Not only that. People also want their text messages, E-mails, history of calls, meetings, contacts and photos to be integrated.

When we search for a meeting, we want to find the photos we took at that meeting. We also want to find the contacts that were at that meeting. We want to find the invitation E-mail and all the replies to the invitation. And when we select a contact, we want to see a tree of E-mail discussions that we once had with the contact.

On a mobile we don’t want one big application that does all this. Instead we want all applications to integrate with all this information. And we want it to be very easy for application developers to integrate with this system. An application framework.

This will be the purpose of Tracker on mobiles.

This means that the concept of an E-mail client will eventually be moved to the background of the mobile device. E-mail must just be there, not started. Something must communicate with the IMAP server whenever needed. Meanwhile all applications on the mobile need to have easy access to the metadata of the E-mails. It must be easy for them to get a MIME part of an E-mail, perhaps as a InputStream?

The combination of E-mail metadata querying and handling of the E-mail’s MIME parts is what I refer to as “E-mail as a service”. Some people in the past tried to explain me that if they would just put JavaMail’s API over D-Bus that this would already solve “E-mail as a service”. I don’t think this is true. Camel, which had its API based on JavaMail, offers a truly weak query interface. It’s for example not possible to ask for MIME parts that are images that have a specific Exif tag set.

That’s of course because it’s not Camel’s purpose to do metadata indexing of the attachments. But that was yesterday. Yesterday was boring.

With modern IMAP servers that have the CONVERT capability it will be possible to ask for a converted MIME part of an E-mail. Converted to Exif plain-text data. Meaning that we don’t have to fetch 5MB of JPEG data just to read a few hundred bytes of Exif metadata.

Meanwhile normal IMAP servers already offer ENVELOPE and BODYSTRUCTURE which of course gives us a lot of metadata too.

To assist people who want to write a “E-mail as a service” D-Bus service today I have decided to write a document that explains some of the capabilities of modern IMAP.

I think the future of E-mail “infrastructure” lies in:

  1. Using an RDF store that can be accessed using SPARQL, like Tracker. This stores the ENVELOPEs and BODYSTRUCTUREs of your E-mails next to the attachment’s other metadata triples.
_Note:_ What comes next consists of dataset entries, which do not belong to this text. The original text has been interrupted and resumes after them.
theorem lemma6p2:
  fixes M :: "'a measure" and X :: "nat \<Rightarrow> 'a \<Rightarrow> real"
    and F f :: "real \<Rightarrow> real" and \<alpha> \<beta> :: real and r :: nat
  assumes "prob_space M"
    and indep: "prob_space.indep_vars M (\<lambda>_. borel) X {1..}"
    and distr: "\<And>i x. i \<ge> 1 \<Longrightarrow> measure M {\<omega> \<in> space M. X i \<omega> \<le> x} = F x"
    and "0 < \<alpha>" "\<alpha> < \<beta>" "\<beta> < 1"
    and nbhd: "\<And>\<xi>. \<xi> \<in> {quantile F \<alpha>, quantile F \<beta>} \<Longrightarrow>
       \<exists>\<delta>>0. \<exists>L. (\<forall>x\<in>ball \<xi> \<delta>. (F has_real_derivative f x) (at x)) \<and>
              (\<forall>x\<in>ball \<xi> \<delta>. \<forall>y\<in>ball \<xi> \<delta>. \<bar>f x - f y\<bar> \<le> L * \<bar>x - y\<bar>)"
    and "f (quantile F \<alpha>) > 0" "f (quantile F \<beta>) > 0"
    and "r > 0"
  shows "\<forall>c>0. \<exists>A>0.
    (\<lambda>N. measure M {\<omega> \<in> space M.
        \<bar>winsor_moment_est X \<alpha> \<beta> r N \<omega>
         - prob_space.expectation M (\<lambda>\<omega>. winsor (quantile F \<alpha>) (quantile F \<beta>) (X 1 \<omega>) ^ r)\<bar>
        > A * sqrt (ln (real N) / real N)})
    \<in> O(\<lambda>N. real N powr (- c))"
proof -
  interpret iid_sample M X F
    using assms(1) indep distr by (intro iid_sample.intro iid_sample_axioms.intro) auto
  have deriv: "(F has_real_derivative f \<xi>) (at \<xi>)" if "\<xi> \<in> {quantile F \<alpha>, quantile F \<beta>}" for \<xi>
    using nbhd[OF that] by (metis centre_in_ball)
  have "\<exists>\<delta>>0. quantile_growth F u (quantile F u) (f (quantile F u) / 2) \<delta>"
    if "u \<in> {\<alpha>, \<beta>}" "0 < f (quantile F u)" for u
    using that assms(4-6) deriv
    by (intro quantile_growth_if_deriv mono_F ex_F_ge ex_F_less) auto
  then obtain \<delta>a \<delta>b where "0 < \<delta>a" "0 < \<delta>b"
    and growth_a: "quantile_growth F \<alpha> (quantile F \<alpha>) (f (quantile F \<alpha>) / 2) \<delta>a"
    and growth_b: "quantile_growth F \<beta> (quantile F \<beta>) (f (quantile F \<beta>) / 2) \<delta>b"
    using assms(8,9) by blast
  define d where "d = min (f (quantile F \<alpha>)) (f (quantile F \<beta>)) / 2"
  have "0 < d" "d \<le> f (quantile F \<alpha>) / 2" "d \<le> f (quantile F \<beta>) / 2"
    using assms(8,9) by (auto simp: d_def)
  then have "quantile_growth F \<alpha> (quantile F \<alpha>) d (min \<delta>a \<delta>b)"
    and "quantile_growth F \<beta> (quantile F \<beta>) d (min \<delta>a \<delta>b)"
    using growth_a growth_b by (auto elim: quantile_growth_mono)
  then show ?thesis
    using winsor_moment_concentration \<open>0 < d\<close> \<open>0 < \<delta>a\<close> \<open>0 < \<delta>b\<close> assms(4-6) by simp
qed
The query language can then be used to query against metadata found by analyzers like Tracker’s own extractors and/or Strigi’s StreamAnalyzer as well as metadata coming from IMAP itself.

    People who saw my presentation at FOSDEM already know that we are planning to push Tracker in the direction of SPARQL + Nepomuk as ontology. Meanwhile we are in discussion with the Xesam and Nepomuk people to change the Nepomuk Message Ontology to be suitable for this. As a result Evgeny Egorochkin made this proposal.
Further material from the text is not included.